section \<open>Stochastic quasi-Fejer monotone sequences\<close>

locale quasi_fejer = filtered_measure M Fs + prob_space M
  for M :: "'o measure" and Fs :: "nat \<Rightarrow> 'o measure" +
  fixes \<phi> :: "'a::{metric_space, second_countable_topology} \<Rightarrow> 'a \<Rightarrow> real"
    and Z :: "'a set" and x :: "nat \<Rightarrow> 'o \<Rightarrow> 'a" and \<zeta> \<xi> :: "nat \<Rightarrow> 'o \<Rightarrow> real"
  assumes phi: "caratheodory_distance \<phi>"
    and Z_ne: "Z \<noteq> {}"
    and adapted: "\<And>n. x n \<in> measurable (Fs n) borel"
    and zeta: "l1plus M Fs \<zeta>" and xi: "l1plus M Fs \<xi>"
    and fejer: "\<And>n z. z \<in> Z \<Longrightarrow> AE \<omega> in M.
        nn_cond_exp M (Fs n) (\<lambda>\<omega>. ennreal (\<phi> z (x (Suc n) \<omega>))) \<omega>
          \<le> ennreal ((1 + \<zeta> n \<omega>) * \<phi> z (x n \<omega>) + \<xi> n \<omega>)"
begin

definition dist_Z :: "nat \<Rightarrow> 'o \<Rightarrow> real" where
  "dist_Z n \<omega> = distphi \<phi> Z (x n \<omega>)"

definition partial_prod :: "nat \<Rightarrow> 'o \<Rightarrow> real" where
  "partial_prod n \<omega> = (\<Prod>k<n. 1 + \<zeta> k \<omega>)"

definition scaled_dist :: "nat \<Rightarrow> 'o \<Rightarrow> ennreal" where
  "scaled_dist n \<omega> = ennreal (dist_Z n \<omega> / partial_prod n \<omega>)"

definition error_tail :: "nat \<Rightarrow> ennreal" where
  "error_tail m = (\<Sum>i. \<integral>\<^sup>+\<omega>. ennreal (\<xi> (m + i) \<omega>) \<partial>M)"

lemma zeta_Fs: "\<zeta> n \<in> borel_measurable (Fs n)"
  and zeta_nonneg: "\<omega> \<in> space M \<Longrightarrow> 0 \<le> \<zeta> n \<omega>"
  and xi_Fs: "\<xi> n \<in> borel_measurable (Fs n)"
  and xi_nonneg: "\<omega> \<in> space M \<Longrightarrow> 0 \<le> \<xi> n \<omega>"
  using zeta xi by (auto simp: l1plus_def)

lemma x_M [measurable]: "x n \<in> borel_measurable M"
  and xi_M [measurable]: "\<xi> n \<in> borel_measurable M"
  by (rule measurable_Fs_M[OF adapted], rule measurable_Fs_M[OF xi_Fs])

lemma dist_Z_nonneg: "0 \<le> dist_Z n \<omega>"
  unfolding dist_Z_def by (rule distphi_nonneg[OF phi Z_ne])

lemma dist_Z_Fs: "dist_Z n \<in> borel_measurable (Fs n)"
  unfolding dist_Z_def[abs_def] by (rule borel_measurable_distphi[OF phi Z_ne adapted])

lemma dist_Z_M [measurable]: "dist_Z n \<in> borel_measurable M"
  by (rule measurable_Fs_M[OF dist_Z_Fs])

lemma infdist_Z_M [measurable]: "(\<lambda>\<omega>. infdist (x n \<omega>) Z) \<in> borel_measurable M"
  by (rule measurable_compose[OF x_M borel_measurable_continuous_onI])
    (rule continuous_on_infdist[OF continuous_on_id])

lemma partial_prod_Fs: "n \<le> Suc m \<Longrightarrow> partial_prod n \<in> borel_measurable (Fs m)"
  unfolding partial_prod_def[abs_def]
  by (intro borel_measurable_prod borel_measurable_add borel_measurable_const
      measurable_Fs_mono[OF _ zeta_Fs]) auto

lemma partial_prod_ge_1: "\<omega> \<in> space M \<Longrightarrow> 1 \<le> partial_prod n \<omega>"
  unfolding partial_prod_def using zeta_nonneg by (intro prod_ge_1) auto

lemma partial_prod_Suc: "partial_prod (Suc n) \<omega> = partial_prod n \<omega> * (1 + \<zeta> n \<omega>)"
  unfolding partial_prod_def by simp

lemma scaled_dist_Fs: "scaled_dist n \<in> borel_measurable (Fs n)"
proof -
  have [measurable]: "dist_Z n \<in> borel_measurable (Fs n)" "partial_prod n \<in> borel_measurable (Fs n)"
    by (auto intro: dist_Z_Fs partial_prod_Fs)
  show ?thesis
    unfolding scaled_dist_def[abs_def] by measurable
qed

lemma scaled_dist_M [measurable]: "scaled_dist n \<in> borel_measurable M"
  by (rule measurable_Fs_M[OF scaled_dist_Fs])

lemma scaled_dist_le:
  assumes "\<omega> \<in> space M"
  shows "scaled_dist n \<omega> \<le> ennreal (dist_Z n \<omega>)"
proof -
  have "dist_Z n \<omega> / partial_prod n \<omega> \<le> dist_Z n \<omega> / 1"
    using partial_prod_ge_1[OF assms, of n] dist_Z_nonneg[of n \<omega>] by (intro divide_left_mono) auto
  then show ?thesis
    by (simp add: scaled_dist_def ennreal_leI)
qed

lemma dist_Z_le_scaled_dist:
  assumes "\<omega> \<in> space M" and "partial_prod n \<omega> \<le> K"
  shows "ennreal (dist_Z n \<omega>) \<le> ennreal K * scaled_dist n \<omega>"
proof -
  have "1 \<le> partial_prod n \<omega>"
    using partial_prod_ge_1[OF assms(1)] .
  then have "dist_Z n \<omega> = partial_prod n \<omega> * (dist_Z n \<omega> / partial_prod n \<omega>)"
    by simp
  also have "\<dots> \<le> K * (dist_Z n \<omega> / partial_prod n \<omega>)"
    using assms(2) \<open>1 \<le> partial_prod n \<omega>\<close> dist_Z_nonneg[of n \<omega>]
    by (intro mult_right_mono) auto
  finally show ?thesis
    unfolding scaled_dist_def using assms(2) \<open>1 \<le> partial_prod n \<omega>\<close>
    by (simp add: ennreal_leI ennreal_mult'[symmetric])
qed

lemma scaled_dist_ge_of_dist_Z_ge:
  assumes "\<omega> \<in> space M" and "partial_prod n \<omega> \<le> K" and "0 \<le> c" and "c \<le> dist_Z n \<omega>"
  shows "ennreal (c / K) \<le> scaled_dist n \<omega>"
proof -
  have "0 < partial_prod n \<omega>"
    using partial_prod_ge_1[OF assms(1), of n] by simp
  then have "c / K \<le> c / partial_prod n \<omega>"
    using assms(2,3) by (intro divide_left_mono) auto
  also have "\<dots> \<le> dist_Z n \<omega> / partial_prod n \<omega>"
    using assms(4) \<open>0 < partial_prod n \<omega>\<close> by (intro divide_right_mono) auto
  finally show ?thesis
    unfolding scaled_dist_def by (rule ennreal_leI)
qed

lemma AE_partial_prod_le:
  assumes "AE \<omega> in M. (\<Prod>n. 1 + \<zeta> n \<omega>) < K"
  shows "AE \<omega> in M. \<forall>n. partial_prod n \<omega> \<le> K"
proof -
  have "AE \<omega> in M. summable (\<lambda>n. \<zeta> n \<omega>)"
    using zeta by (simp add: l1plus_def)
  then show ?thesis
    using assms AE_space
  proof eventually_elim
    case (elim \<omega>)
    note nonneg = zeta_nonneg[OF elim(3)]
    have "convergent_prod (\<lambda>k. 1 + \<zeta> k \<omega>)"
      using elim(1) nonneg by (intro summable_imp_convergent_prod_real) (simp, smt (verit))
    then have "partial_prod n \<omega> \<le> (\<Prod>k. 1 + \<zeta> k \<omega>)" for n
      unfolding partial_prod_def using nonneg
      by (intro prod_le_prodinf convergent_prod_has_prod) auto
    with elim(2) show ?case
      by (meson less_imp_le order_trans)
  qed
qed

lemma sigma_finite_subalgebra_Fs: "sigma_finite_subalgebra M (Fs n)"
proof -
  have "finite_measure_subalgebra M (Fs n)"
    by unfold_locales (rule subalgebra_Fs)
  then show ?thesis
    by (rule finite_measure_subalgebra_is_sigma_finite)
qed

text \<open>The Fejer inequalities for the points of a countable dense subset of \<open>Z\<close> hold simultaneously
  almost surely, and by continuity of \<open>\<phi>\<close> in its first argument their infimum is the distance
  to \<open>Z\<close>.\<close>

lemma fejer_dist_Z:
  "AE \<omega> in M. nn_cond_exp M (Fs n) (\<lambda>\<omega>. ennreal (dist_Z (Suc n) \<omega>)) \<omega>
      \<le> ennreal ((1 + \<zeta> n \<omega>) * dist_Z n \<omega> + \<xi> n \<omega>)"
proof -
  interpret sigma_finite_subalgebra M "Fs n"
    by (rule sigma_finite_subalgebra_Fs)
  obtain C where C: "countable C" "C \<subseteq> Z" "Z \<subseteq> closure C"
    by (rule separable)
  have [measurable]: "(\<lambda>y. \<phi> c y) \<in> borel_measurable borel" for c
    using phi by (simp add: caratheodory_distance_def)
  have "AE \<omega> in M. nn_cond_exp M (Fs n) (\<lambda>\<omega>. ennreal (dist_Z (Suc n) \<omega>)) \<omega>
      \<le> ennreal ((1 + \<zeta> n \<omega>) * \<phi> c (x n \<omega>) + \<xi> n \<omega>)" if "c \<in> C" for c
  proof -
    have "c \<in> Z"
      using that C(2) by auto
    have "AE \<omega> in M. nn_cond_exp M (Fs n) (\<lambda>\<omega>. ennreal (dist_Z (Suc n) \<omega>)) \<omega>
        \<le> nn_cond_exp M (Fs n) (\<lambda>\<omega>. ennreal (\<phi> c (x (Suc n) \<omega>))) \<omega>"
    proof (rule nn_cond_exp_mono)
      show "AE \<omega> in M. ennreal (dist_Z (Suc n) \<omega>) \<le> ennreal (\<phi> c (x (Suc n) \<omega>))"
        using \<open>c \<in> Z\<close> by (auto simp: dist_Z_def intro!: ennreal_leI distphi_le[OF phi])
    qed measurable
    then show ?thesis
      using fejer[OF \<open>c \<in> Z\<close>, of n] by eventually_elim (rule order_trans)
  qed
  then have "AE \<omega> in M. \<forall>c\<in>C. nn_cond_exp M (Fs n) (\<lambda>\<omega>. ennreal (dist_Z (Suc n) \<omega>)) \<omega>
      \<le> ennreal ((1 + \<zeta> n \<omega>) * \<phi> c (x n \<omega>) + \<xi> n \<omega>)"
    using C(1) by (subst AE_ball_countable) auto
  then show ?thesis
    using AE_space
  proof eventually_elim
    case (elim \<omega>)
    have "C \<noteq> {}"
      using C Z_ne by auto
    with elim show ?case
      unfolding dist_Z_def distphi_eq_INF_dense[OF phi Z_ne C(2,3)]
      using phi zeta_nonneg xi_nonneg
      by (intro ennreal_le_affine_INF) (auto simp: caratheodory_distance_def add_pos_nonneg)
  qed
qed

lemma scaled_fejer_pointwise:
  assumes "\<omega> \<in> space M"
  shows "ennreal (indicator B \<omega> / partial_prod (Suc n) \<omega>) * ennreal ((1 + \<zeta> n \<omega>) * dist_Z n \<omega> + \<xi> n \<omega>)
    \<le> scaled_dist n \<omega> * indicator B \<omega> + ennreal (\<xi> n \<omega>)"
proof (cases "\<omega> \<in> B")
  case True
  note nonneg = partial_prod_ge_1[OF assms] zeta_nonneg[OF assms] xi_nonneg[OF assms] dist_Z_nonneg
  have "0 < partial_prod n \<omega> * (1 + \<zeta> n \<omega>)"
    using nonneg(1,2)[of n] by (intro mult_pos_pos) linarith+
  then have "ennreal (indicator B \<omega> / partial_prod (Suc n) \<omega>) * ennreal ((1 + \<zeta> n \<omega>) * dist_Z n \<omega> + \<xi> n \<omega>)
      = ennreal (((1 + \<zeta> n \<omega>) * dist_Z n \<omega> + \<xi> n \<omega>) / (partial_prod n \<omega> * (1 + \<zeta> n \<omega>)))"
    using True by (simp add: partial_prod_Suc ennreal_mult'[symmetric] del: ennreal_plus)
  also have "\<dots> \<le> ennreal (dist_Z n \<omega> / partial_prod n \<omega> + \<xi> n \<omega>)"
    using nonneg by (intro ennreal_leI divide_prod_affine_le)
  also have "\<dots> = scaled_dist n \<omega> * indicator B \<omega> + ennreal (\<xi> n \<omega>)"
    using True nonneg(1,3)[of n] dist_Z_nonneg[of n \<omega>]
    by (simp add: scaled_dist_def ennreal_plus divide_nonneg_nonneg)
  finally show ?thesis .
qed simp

==

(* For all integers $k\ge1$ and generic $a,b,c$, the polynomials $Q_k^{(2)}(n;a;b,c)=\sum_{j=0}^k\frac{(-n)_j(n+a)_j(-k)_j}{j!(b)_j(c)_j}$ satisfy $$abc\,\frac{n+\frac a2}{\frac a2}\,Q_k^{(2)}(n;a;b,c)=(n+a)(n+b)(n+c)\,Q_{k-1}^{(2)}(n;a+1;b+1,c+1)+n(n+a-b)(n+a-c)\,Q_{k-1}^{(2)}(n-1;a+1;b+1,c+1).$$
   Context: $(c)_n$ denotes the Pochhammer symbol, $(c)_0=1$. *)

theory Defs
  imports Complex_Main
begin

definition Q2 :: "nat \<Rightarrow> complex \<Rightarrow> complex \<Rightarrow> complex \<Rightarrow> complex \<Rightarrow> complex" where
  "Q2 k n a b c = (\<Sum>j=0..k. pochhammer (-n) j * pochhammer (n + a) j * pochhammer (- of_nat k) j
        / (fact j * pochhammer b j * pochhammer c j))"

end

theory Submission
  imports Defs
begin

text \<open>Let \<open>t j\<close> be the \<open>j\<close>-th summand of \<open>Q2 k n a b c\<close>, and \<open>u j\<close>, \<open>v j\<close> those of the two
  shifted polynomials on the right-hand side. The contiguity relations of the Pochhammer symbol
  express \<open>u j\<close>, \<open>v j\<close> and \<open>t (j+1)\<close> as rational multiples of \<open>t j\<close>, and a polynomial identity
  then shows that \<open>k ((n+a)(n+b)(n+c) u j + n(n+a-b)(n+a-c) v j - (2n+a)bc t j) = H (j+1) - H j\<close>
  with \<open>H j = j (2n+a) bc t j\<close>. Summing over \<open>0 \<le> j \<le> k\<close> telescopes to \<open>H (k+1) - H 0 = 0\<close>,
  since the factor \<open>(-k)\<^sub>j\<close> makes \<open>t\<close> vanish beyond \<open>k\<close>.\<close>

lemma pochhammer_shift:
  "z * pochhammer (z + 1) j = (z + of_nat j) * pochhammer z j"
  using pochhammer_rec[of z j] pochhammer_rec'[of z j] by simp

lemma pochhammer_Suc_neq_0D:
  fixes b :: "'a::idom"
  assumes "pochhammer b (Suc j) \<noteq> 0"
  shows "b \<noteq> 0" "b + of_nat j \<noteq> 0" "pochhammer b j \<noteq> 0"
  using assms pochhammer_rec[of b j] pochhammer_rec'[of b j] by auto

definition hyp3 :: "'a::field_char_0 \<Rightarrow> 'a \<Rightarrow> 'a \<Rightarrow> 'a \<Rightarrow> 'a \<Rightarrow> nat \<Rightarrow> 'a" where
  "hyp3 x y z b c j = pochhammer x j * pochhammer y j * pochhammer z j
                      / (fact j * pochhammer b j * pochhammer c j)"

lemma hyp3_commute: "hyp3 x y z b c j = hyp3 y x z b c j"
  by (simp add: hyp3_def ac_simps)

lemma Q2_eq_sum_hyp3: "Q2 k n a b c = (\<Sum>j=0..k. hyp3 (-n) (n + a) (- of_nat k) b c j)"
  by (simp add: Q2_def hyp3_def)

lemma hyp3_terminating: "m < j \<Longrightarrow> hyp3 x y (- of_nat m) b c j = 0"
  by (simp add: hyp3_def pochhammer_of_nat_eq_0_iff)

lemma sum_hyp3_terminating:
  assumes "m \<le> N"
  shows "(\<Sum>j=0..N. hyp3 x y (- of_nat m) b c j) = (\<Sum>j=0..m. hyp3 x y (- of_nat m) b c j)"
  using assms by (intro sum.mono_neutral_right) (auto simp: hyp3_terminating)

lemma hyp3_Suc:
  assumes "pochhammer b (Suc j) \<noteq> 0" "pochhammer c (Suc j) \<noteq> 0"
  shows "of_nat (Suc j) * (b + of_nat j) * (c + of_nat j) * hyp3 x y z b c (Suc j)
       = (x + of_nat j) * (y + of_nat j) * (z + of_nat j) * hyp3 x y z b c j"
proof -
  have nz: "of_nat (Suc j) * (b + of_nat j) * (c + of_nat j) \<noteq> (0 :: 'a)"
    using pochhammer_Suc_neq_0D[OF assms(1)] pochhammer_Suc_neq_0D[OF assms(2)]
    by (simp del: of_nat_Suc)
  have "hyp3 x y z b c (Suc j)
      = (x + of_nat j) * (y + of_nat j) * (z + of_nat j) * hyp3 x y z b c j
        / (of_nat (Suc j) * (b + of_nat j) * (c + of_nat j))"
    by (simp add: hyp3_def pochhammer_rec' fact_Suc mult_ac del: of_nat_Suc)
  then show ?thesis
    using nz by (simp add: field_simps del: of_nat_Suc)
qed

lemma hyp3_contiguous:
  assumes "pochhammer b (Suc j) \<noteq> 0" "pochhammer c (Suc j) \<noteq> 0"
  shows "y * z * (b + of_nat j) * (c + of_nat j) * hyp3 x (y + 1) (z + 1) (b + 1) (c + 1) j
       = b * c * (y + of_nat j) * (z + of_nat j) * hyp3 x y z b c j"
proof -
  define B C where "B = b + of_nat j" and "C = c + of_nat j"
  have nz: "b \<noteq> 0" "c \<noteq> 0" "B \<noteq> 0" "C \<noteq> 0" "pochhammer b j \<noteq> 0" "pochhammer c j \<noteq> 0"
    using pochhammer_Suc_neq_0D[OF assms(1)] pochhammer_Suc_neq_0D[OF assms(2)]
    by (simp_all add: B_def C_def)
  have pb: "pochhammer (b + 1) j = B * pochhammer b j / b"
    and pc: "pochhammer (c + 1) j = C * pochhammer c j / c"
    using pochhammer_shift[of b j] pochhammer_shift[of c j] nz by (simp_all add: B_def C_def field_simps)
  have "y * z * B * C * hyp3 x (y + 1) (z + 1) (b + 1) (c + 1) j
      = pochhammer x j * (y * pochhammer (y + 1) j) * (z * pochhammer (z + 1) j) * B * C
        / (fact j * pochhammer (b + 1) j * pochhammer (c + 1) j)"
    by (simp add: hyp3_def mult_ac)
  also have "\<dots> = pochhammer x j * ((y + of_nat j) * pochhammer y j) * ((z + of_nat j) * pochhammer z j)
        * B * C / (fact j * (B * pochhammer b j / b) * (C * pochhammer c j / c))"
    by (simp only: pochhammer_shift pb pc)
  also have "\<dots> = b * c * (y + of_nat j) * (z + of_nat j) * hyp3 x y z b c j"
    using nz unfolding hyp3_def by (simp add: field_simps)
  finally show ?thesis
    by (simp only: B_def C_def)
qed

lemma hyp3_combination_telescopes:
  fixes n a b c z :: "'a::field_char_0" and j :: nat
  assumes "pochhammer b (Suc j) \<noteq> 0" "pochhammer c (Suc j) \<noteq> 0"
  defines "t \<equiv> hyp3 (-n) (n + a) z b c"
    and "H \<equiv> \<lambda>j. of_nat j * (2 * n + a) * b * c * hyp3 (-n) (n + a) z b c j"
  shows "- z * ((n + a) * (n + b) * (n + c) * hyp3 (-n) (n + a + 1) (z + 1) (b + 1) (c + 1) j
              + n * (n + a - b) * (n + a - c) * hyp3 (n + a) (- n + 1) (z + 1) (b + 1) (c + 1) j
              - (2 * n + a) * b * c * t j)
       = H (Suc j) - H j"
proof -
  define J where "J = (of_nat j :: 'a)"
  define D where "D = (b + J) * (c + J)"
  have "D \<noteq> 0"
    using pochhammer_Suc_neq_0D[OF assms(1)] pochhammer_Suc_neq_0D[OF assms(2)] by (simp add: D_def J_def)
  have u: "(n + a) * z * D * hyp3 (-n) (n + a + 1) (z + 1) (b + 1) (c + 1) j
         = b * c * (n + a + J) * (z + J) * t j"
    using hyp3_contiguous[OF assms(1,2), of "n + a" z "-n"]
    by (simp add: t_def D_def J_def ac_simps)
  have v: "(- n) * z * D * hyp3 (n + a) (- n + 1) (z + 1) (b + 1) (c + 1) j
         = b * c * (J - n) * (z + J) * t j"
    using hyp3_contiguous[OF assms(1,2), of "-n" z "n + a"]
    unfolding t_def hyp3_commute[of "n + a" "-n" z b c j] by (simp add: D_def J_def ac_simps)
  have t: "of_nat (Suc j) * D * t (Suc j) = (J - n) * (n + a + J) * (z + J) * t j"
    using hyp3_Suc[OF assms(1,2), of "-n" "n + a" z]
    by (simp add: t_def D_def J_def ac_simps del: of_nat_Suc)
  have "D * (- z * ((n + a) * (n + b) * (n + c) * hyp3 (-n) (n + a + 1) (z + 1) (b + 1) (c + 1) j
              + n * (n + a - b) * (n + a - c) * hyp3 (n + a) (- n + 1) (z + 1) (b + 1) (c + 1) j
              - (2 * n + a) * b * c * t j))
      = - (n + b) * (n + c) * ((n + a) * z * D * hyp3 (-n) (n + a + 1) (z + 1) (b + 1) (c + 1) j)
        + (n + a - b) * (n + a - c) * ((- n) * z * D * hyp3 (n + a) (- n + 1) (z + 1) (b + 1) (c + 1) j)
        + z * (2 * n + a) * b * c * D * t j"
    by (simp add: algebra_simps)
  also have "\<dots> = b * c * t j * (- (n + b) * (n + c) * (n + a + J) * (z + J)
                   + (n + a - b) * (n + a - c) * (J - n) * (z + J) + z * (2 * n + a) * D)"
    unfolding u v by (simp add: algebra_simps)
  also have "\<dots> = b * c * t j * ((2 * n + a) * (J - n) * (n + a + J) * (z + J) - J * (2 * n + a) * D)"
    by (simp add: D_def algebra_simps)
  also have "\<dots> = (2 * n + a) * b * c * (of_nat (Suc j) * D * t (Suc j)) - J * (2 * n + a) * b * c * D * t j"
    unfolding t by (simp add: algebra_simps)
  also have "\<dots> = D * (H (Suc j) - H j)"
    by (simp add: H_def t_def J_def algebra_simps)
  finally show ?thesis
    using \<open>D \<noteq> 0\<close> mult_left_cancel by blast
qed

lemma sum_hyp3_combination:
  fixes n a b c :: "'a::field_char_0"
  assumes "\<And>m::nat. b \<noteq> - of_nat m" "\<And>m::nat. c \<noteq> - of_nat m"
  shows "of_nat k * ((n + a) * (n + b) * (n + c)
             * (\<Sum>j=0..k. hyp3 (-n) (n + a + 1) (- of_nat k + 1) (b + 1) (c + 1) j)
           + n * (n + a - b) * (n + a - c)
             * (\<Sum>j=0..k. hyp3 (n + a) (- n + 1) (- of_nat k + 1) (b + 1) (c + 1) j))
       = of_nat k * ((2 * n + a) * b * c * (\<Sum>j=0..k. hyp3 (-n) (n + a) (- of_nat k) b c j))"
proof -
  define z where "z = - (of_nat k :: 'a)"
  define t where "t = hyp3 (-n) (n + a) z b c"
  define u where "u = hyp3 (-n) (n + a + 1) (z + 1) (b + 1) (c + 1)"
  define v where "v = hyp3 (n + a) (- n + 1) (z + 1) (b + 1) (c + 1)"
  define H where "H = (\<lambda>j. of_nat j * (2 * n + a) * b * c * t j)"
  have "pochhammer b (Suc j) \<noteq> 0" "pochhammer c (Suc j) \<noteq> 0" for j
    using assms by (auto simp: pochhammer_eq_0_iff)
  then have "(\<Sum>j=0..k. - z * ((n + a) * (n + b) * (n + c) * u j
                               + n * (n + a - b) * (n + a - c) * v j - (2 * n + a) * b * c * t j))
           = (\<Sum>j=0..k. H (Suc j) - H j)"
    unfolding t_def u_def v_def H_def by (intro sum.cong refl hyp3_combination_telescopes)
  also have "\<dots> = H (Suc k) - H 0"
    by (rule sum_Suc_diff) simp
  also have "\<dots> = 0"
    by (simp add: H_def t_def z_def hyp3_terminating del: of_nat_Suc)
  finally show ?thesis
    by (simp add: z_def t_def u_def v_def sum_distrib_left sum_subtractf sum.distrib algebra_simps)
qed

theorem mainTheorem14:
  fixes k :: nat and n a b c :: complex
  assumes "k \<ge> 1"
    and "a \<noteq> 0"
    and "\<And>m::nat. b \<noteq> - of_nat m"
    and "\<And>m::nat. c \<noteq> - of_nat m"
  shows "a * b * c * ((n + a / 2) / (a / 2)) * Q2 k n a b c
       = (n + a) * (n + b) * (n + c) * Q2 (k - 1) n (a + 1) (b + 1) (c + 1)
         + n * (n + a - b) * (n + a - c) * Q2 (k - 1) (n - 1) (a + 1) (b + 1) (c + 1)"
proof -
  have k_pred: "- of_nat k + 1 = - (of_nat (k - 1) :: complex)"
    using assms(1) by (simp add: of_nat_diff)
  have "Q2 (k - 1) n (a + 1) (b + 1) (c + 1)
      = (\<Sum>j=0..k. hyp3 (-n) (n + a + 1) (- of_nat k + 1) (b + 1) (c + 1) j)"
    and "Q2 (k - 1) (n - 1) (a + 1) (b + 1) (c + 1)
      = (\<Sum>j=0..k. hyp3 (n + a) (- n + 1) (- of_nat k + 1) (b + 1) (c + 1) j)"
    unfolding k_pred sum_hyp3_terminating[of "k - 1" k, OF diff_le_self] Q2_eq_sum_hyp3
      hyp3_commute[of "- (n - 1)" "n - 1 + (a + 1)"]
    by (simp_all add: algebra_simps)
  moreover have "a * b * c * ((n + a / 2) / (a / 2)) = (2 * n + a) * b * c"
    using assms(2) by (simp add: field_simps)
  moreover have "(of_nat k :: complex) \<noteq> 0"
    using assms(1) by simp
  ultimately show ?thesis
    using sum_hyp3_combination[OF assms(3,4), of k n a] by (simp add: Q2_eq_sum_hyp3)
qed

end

EXERCISE AIM -> Every line above that holds "with" should be copied out.

RESULT FOR THIS TASK ->
    with elim(2) show ?case
    with elim show ?case
  with \<open>H j = j (2n+a) bc t j\<close>. Summing over \<open>0 \<le> j \<le> k\<close> telescopes to \<open>H (k+1) - H 0 = 0\<close>,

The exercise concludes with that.